MATERIAL FOR THIS EXERCISE: Begin

lemma consecutive_cells_share_line:
  assumes "1 \<le> k"
  shows "cell_lines (cell_of k) \<inter> cell_lines (cell_of (k + 1)) \<noteq> {}"
proof -
  let ?q = "(k - 1) mod ell + 1"
  have q: "?q \<in> {1..L}" "?q + 1 \<in> {1..L}"
    using cell_index_mem[of k] ell_less by auto
  have "cell_of ?q = cell_of k"
    using assms by (simp add: cell_of_eq_iff mod_Suc_eq)
  moreover from this have "cell_of (?q + 1) = cell_of (k + 1)"
    using assms by (intro cell_of_Suc_cong) auto
  ultimately show ?thesis
    using arrow_common_line[OF q arrow_Suc] q by fastforce
qed

lemma cells_sharing_line_adjacent:
  assumes ab: "1 \<le> a" "1 \<le> b" "cell_of a \<noteq> cell_of b"
    and share: "cell_lines (cell_of a) \<inter> cell_lines (cell_of b) \<noteq> {}"
  shows "cell_of b = cell_of (a + 1) \<or> cell_of a = cell_of (b + 1)"
proof (rule ccontr)
  assume not_adjacent: "\<not> ?thesis"
  \<comment> \<open>cyclic predecessor of a; a - 1 would give the junk value cell_of 0 when a = 1\<close>
  let ?a' = "a + ell - 1"
  let ?N = "{f \<in> nz_cells m nr M. f \<noteq> cell_of a \<and> cell_lines (cell_of a) \<inter> cell_lines f \<noteq> {}}"
  have a': "1 \<le> ?a'" "cell_of (?a' + 1) = cell_of a"
    using ell_ge_3 ab by simp_all
  then have "cell_of b \<noteq> cell_of ?a'"
    using not_adjacent cell_of_Suc_cong[OF ab(2)] by metis
  moreover have "cell_of (a + 1) \<noteq> cell_of ?a'" "cell_of a \<noteq> cell_of (a + 1)" "cell_of a \<noteq> cell_of ?a'"
    using cell_of_neq ell_ge_3 ab by auto
  ultimately have "card {cell_of b, cell_of (a + 1), cell_of ?a'} = 3"
    using not_adjacent by auto
  moreover have "{cell_of b, cell_of (a + 1), cell_of ?a'} \<subseteq> ?N"
    using consecutive_cells_share_line[of a] consecutive_cells_share_line[OF a'(1)] a'(2)
      cell_of_nz ab share \<open>cell_of a \<noteq> cell_of (a + 1)\<close> \<open>cell_of a \<noteq> cell_of ?a'\<close>
    by (auto simp: Int_commute)
  then have "card {cell_of b, cell_of (a + 1), cell_of ?a'} \<le> card ?N"
    by (intro card_mono) (auto intro: finite_subset[OF _ finite_nz_cells])
  ultimately show False
    using rc_graph_is_cycle_card_cell_neighbours[OF cycle cell_of_nz[of a]] by simp
qed

lemma precedes_period_step:
  assumes "1 \<le> k" "k + ell \<le> L" "w \<in> cell_lines (cell_of k)"
  shows "precedes w (k + ell) k"
proof (cases "k = 1")
  case True
  with assms arrow_wrap ell_less ell_ge_3 show ?thesis
    by (intro arrow_along) (auto simp: add.commute)
next
  case False
  with assms have k: "1 \<le> k - 1" "k - 1 + 1 = k" "k - 1 + ell + 1 = k + ell"
    by auto
  obtain w' where w': "w' \<in> cell_lines (cell_of (k - 1)) \<inter> cell_lines (cell_of k)"
    using consecutive_cells_share_line[OF k(1)] k(2) by auto
  have "precedes w' (k + ell) (k - 1)"
    using arrow_back[OF k(1)] k w' assms by (intro arrow_along) auto
  moreover have "precedes w' (k - 1) k"
    using arrow_Suc[OF k(1)] k w' assms by (intro arrow_along) auto
  ultimately have "precedes w' (k + ell) k"
    by (rule line_prec_trans)
  with precedes_same_cell_iff[of "k + ell" k w' w] w' assms ell_ge_3 show ?thesis
    by auto
qed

MATERIAL FOR THIS EXERCISE: End

Begin with the line that contains "using not_adjacent cell_of_Suc_cong[OF" and end with the last line of the records; set down every line in that span exactly, and nothing else.

SOLUTION TO THIS TASK:
    using not_adjacent cell_of_Suc_cong[OF ab(2)] by metis
  moreover have "cell_of (a + 1) \<noteq> cell_of ?a'" "cell_of a \<noteq> cell_of (a + 1)" "cell_of a \<noteq> cell_of ?a'"
    using cell_of_neq ell_ge_3 ab by auto
  ultimately have "card {cell_of b, cell_of (a + 1), cell_of ?a'} = 3"
    using not_adjacent by auto
  moreover have "{cell_of b, cell_of (a + 1), cell_of ?a'} \<subseteq> ?N"
    using consecutive_cells_share_line[of a] consecutive_cells_share_line[OF a'(1)] a'(2)
      cell_of_nz ab share \<open>cell_of a \<noteq> cell_of (a + 1)\<close> \<open>cell_of a \<noteq> cell_of ?a'\<close>
    by (auto simp: Int_commute)
  then have "card {cell_of b, cell_of (a + 1), cell_of ?a'} \<le> card ?N"
    by (intro card_mono) (auto intro: finite_subset[OF _ finite_nz_cells])
  ultimately show False
    using rc_graph_is_cycle_card_cell_neighbours[OF cycle cell_of_nz[of a]] by simp
qed

lemma precedes_period_step:
  assumes "1 \<le> k" "k + ell \<le> L" "w \<in> cell_lines (cell_of k)"
  shows "precedes w (k + ell) k"
proof (cases "k = 1")
  case True
  with assms arrow_wrap ell_less ell_ge_3 show ?thesis
    by (intro arrow_along) (auto simp: add.commute)
next
  case False
  with assms have k: "1 \<le> k - 1" "k - 1 + 1 = k" "k - 1 + ell + 1 = k + ell"
    by auto
  obtain w' where w': "w' \<in> cell_lines (cell_of (k - 1)) \<inter> cell_lines (cell_of k)"
    using consecutive_cells_share_line[OF k(1)] k(2) by auto
  have "precedes w' (k + ell) (k - 1)"
    using arrow_back[OF k(1)] k w' assms by (intro arrow_along) auto
  moreover have "precedes w' (k - 1) k"
    using arrow_Suc[OF k(1)] k w' assms by (intro arrow_along) auto
  ultimately have "precedes w' (k + ell) k"
    by (rule line_prec_trans)
  with precedes_same_cell_iff[of "k + ell" k w' w] w' assms ell_ge_3 show ?thesis
    by auto
qed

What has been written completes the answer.